**MATERIALS PROVIDED:**

(* Let $e(\tau,s)$ be a complete equation of state and let $s_0$ be fixed. Assume the energy isentrope $\tau\mapsto e_{s_0}(\tau):=e(\tau,s_0)$ is convex on $(0,\infty)$. For $\bm u=(\rho,\bm m,E)\in\mathbb R\times\mathbb R^d\times\mathbb R$ with $\rho>0$, set $\tau(\bm u)=\rho^{-1}$ and $\mathsf e(\bm u)=\rho^{-1}E-\tfrac12\|\rho^{-1}\bm m\|_{\ell^2}^2$. Then the functional $$\bm u\longmapsto \rho\,\mathsf e(\bm u)-\rho\, e_{s_0}(\tau(\bm u))$$ is a concave function of $\bm u$ on $\{\rho>0\}$.
   Context: A complete equation of state is a function $e(\tau,s)$ giving the specific internal energy in terms of specific volume $\tau>0$ and specific entropy $s$; the pressure is $p=-\partial_\tau e$ and the temperature $T=\partial_s e$. The "energy isentrope" at entropy $s$ is the one-variable function $\tau\mapsto e(\tau,s)$. *)

theory Defs
  imports "HOL-Analysis.Analysis"
begin

text \<open>Conserved variables u = (rho, m, E) in R x R^d x R, with m :: real^'d.\<close>

definition spec_vol :: "real \<times> (real ^ 'd) \<times> real \<Rightarrow> real" where
  "spec_vol u = inverse (fst u)"

definition spec_int_energy :: "real \<times> (real ^ 'd) \<times> real \<Rightarrow> real" where
  "spec_int_energy u = inverse (fst u) * snd (snd u)
      - (1/2) * (norm (inverse (fst u) *\<^sub>R fst (snd u)))\<^sup>2"

end

theory Submission
  imports Defs
begin

(* On rho > 0 the functional equals E - 1/2 rho |m/rho|^2 - rho e_s0(1/rho). Both subtracted
   terms are perspectives t f(x/t) of convex functions -- of the squared norm at (rho, m) and of
   the isentrope at (rho, 1) -- and the perspective of a convex function is jointly convex,
   because x/t for a convex combination of points (t_i, x_i) is the convex combination of the
   x_i/t_i with weights proportional to t_i. *)

definition perspective :: "('a::real_vector \<Rightarrow> real) \<Rightarrow> real \<times> 'a \<Rightarrow> real" where
  "perspective f = (\<lambda>(t, x). t * f (inverse t *\<^sub>R x))"

lemma convex_on_perspective:
  fixes f :: "'a::real_vector \<Rightarrow> real"
  assumes f: "convex_on C f"
  shows "convex_on {(t, x). t > 0 \<and> inverse t *\<^sub>R x \<in> C} (perspective f)"
proof -
  let ?D = "{(t, x). t > 0 \<and> inverse t *\<^sub>R x \<in> C}"
  have combine: "u *\<^sub>R p + v *\<^sub>R q \<in> ?D \<and>
      perspective f (u *\<^sub>R p + v *\<^sub>R q) \<le> u * perspective f p + v * perspective f q"
    if "p \<in> ?D" "q \<in> ?D" "u \<ge> 0" "v \<ge> 0" "u + v = 1" for p q u v
  proof -
    obtain t1 x1 t2 x2 where p: "p = (t1, x1)" and q: "q = (t2, x2)" by fastforce
    have t1: "t1 > 0" and x1: "inverse t1 *\<^sub>R x1 \<in> C"
      and t2: "t2 > 0" and x2: "inverse t2 *\<^sub>R x2 \<in> C" using that p q by auto
    define t where "t = u * t1 + v * t2"
    have t: "t > 0"
      using that t1 t2 unfolding t_def by (smt (verit) mult_nonneg_nonneg mult_pos_pos)
    define a where "a = u * t1 / t"
    define b where "b = v * t2 / t"
    have a: "a \<ge> 0" and b: "b \<ge> 0" and ab: "a + b = 1"
      using that t t1 t2 by (simp_all add: a_def b_def t_def add_divide_distrib [symmetric])
    have point: "inverse t *\<^sub>R (u *\<^sub>R x1 + v *\<^sub>R x2)
        = a *\<^sub>R (inverse t1 *\<^sub>R x1) + b *\<^sub>R (inverse t2 *\<^sub>R x2)"
      using t1 t2 by (simp add: a_def b_def scaleR_add_right field_simps)
    have in_C: "inverse t *\<^sub>R (u *\<^sub>R x1 + v *\<^sub>R x2) \<in> C"
      unfolding point by (rule convexD [OF convex_on_imp_convex [OF f] x1 x2 a b ab])
    have "f (inverse t *\<^sub>R (u *\<^sub>R x1 + v *\<^sub>R x2))
        \<le> a * f (inverse t1 *\<^sub>R x1) + b * f (inverse t2 *\<^sub>R x2)"
      unfolding point using f x1 x2 a b ab unfolding convex_on_def by blast
    then have "t * f (inverse t *\<^sub>R (u *\<^sub>R x1 + v *\<^sub>R x2))
        \<le> t * (a * f (inverse t1 *\<^sub>R x1) + b * f (inverse t2 *\<^sub>R x2))"
      using t by simp
    also have "\<dots> = u * (t1 * f (inverse t1 *\<^sub>R x1)) + v * (t2 * f (inverse t2 *\<^sub>R x2))"
      using t by (simp add: a_def b_def field_simps)
    finally show ?thesis
      using t in_C by (simp add: p q t_def perspective_def)
  qed
  have "convex ?D"
    using combine by (simp add: convex_def)
  then show ?thesis
    using combine by (simp add: convex_on_def)
qed

lemma convex_on_compose_affine:
  assumes f: "convex_on T f" and h: "linear h" and S: "convex S"
    and maps_to: "\<And>x. x \<in> S \<Longrightarrow> h x + c \<in> T"
  shows "convex_on S (\<lambda>x. f (h x + c))"
proof -
  have "h (u *\<^sub>R x + v *\<^sub>R y) + c = u *\<^sub>R (h x + c) + v *\<^sub>R (h y + c)"
    if "u + v = 1" for x y u v
    using that by (simp add: linear_add [OF h] linear_scale [OF h] scaleR_add_right
        flip: scaleR_add_left add.assoc)
  with f S maps_to show ?thesis
    by (simp add: convex_on_def)
qed

lemma convex_on_norm_power2: "convex_on UNIV (\<lambda>x::'a::real_normed_vector. (norm x)\<^sup>2)"
proof (rule convex_onI)
  fix t :: real and x y :: 'a
  assume t: "0 < t" "t < 1"
  have "norm ((1 - t) *\<^sub>R x + t *\<^sub>R y) \<le> (1 - t) * norm x + t * norm y"
    using t norm_triangle_ineq [of "(1 - t) *\<^sub>R x" "t *\<^sub>R y"] by simp
  then have "(norm ((1 - t) *\<^sub>R x + t *\<^sub>R y))\<^sup>2 \<le> ((1 - t) * norm x + t * norm y)\<^sup>2"
    by (simp add: power_mono)
  also have "\<dots> \<le> (1 - t) * (norm x)\<^sup>2 + t * (norm y)\<^sup>2"
    using convex_onD [OF convex_power2, of t "norm x" "norm y"] t by simp
  finally show "(norm ((1 - t) *\<^sub>R x + t *\<^sub>R y))\<^sup>2 \<le> (1 - t) * (norm x)\<^sup>2 + t * (norm y)\<^sup>2" .
qed simp

lemma concave_on_eq:
  assumes "concave_on S f" and "\<And>x. x \<in> S \<Longrightarrow> f x = g x"
  shows "concave_on S g"
  using assms by (auto simp: concave_on_iff convexD)

theorem proposition2p8:
  fixes e :: "real \<Rightarrow> real \<Rightarrow> real" and s0 :: real
  assumes "convex_on {0<..} (\<lambda>\<tau>. e \<tau> s0)"
  shows "concave_on {u :: real \<times> (real ^ 'd) \<times> real. fst u > 0}
           (\<lambda>u. fst u * spec_int_energy u - fst u * e (spec_vol u) s0)"
proof -
  let ?S = "{u :: real \<times> (real ^ 'd) \<times> real. fst u > 0}"
  have S: "convex ?S"
    using convex_linear_vimage [OF linear_fst, of "{0<..}"] by (force simp: vimage_def)
  have isentrope: "convex_on ?S (\<lambda>u. perspective (\<lambda>\<tau>. e \<tau> s0) (fst u, 1))"
  proof -
    have "linear (\<lambda>u::real \<times> (real ^ 'd) \<times> real. (fst u, 0::real))"
      by (rule linearI) simp_all
    from convex_on_compose_affine [OF convex_on_perspective [OF assms] this S, of "(0, 1)"]
    show ?thesis by simp
  qed
  have kinetic: "convex_on ?S (\<lambda>u. perspective (\<lambda>m. (norm m)\<^sup>2) (fst u, fst (snd u)))"
  proof -
    have "linear (\<lambda>u::real \<times> (real ^ 'd) \<times> real. (fst u, fst (snd u)))"
      by (rule linearI) simp_all
    from convex_on_compose_affine [OF convex_on_perspective [OF convex_on_norm_power2] this S, of 0]
    show ?thesis by simp
  qed
  have total: "concave_on ?S (\<lambda>u. snd (snd u))"
    using S by (simp add: concave_on_iff)
  have "concave_on ?S (\<lambda>u. snd (snd u) - ((1/2) * perspective (\<lambda>m. (norm m)\<^sup>2) (fst u, fst (snd u))
      + perspective (\<lambda>\<tau>. e \<tau> s0) (fst u, 1)))"
    using total kinetic isentrope by (intro concave_on_diff convex_on_add convex_on_cmul) auto
  then show ?thesis
    by (rule concave_on_eq)
      (simp add: perspective_def spec_int_energy_def spec_vol_def field_simps power2_eq_square)
qed

end
(* Let $\Theta\subset[0,1]$ be compact, $A=[0,1]$, and let $u:A\times\Theta\to\mathbb R$ be continuous, differentiable in $a$, with $u_a=\partial u/\partial a$ continuous on $A\times\Theta$. The following are equivalent: (1) For every $a\in A$ and every $\mu\in\Delta(\Theta)$, $\int u(a,\theta)\,d\mu=0$ implies $\int u_a(a,\theta)\,d\mu<0$. (2) For all $\theta,\theta'\in\Theta$ and $a\in A$: $u(a,\theta)=0\Rightarrow u_a(a,\theta)<0$; and $u(a,\theta)<0<u(a,\theta')\Rightarrow u(a,\theta')u_a(a,\theta)-u(a,\theta)u_a(a,\theta')<0$. (3) There exists a differentiable function $g:A\to(0,\infty)$ such that $\tilde u(a,\theta)=u(a,\theta)/g(a)$ satisfies $\tilde u_a(a,\theta)<0$ for all $(a,\theta)\in A\times\Theta$.
   Context: $\Delta(\Theta)$ denotes the set of Borel probability measures on $\Theta$. *)

theory Defs
  imports "HOL-Probability.Probability"
begin

definition prob_measures_on :: "real set \<Rightarrow> real measure set" where
  "prob_measures_on \<Theta> = {M. prob_space M \<and> sets M = sets (restrict_space borel \<Theta>)}"

end

theory Submission
  imports Defs
begin

text \<open>For a fixed action \<open>a\<close>, condition (2) says exactly that the points \<open>(u(a,\<theta>), u\<^sub>a(a,\<theta>))\<close>,
\<open>\<theta> \<in> \<Theta>\<close>, lie strictly below some line through the origin: \<open>u\<^sub>a(a,\<theta>) < k u(a,\<theta>)\<close> for a single
slope \<open>k\<close>. Integrating this inequality against a belief under which \<open>u\<close> has mean zero gives (1), and
two-point beliefs recover (2) from (1). By compactness of \<open>\<Theta>\<close> a slope that works at \<open>a\<close> works near \<open>a\<close>,
and a partition of unity glues these local slopes into a continuous \<open>k(a)\<close>; then
\<open>g(a) = exp \<integral>\<^sub>0\<^sup>a k\<close> gives \<open>(u/g)\<^sub>a = (u\<^sub>a - k u)/g < 0\<close>, which is (3). Conversely, for \<open>g\<close> as in (3) the
slope \<open>g'(a)/g(a)\<close> works at every \<open>a\<close>.\<close>

section \<open>Separating slopes on a compact parameter set\<close>

lemma compact_Collect_preimage_closed:
  fixes f :: "'a::t2_space \<Rightarrow> 'b::topological_space"
  assumes "compact S" "continuous_on S f" "closed T"
  shows "compact {x\<in>S. f x \<in> T}"
proof -
  have "closed (S \<inter> f -` T)"
    using assms compact_imp_closed continuous_closed_preimage by blast
  then have "compact (S \<inter> (S \<inter> f -` T))"
    using assms(1) by blast
  moreover have "{x\<in>S. f x \<in> T} = S \<inter> (S \<inter> f -` T)"
    by auto
  ultimately show ?thesis
    by simp
qed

**TASK BRIEF:** Each line of the entries where the string "assumes" occurs should be shown.

**FINISHED EXERCISE:**
  assumes f: "convex_on C f"
  assumes f: "convex_on T f" and h: "linear h" and S: "convex S"
  assumes "concave_on S f" and "\<And>x. x \<in> S \<Longrightarrow> f x = g x"
  assumes "convex_on {0<..} (\<lambda>\<tau>. e \<tau> s0)"
  assumes "compact S" "continuous_on S f" "closed T"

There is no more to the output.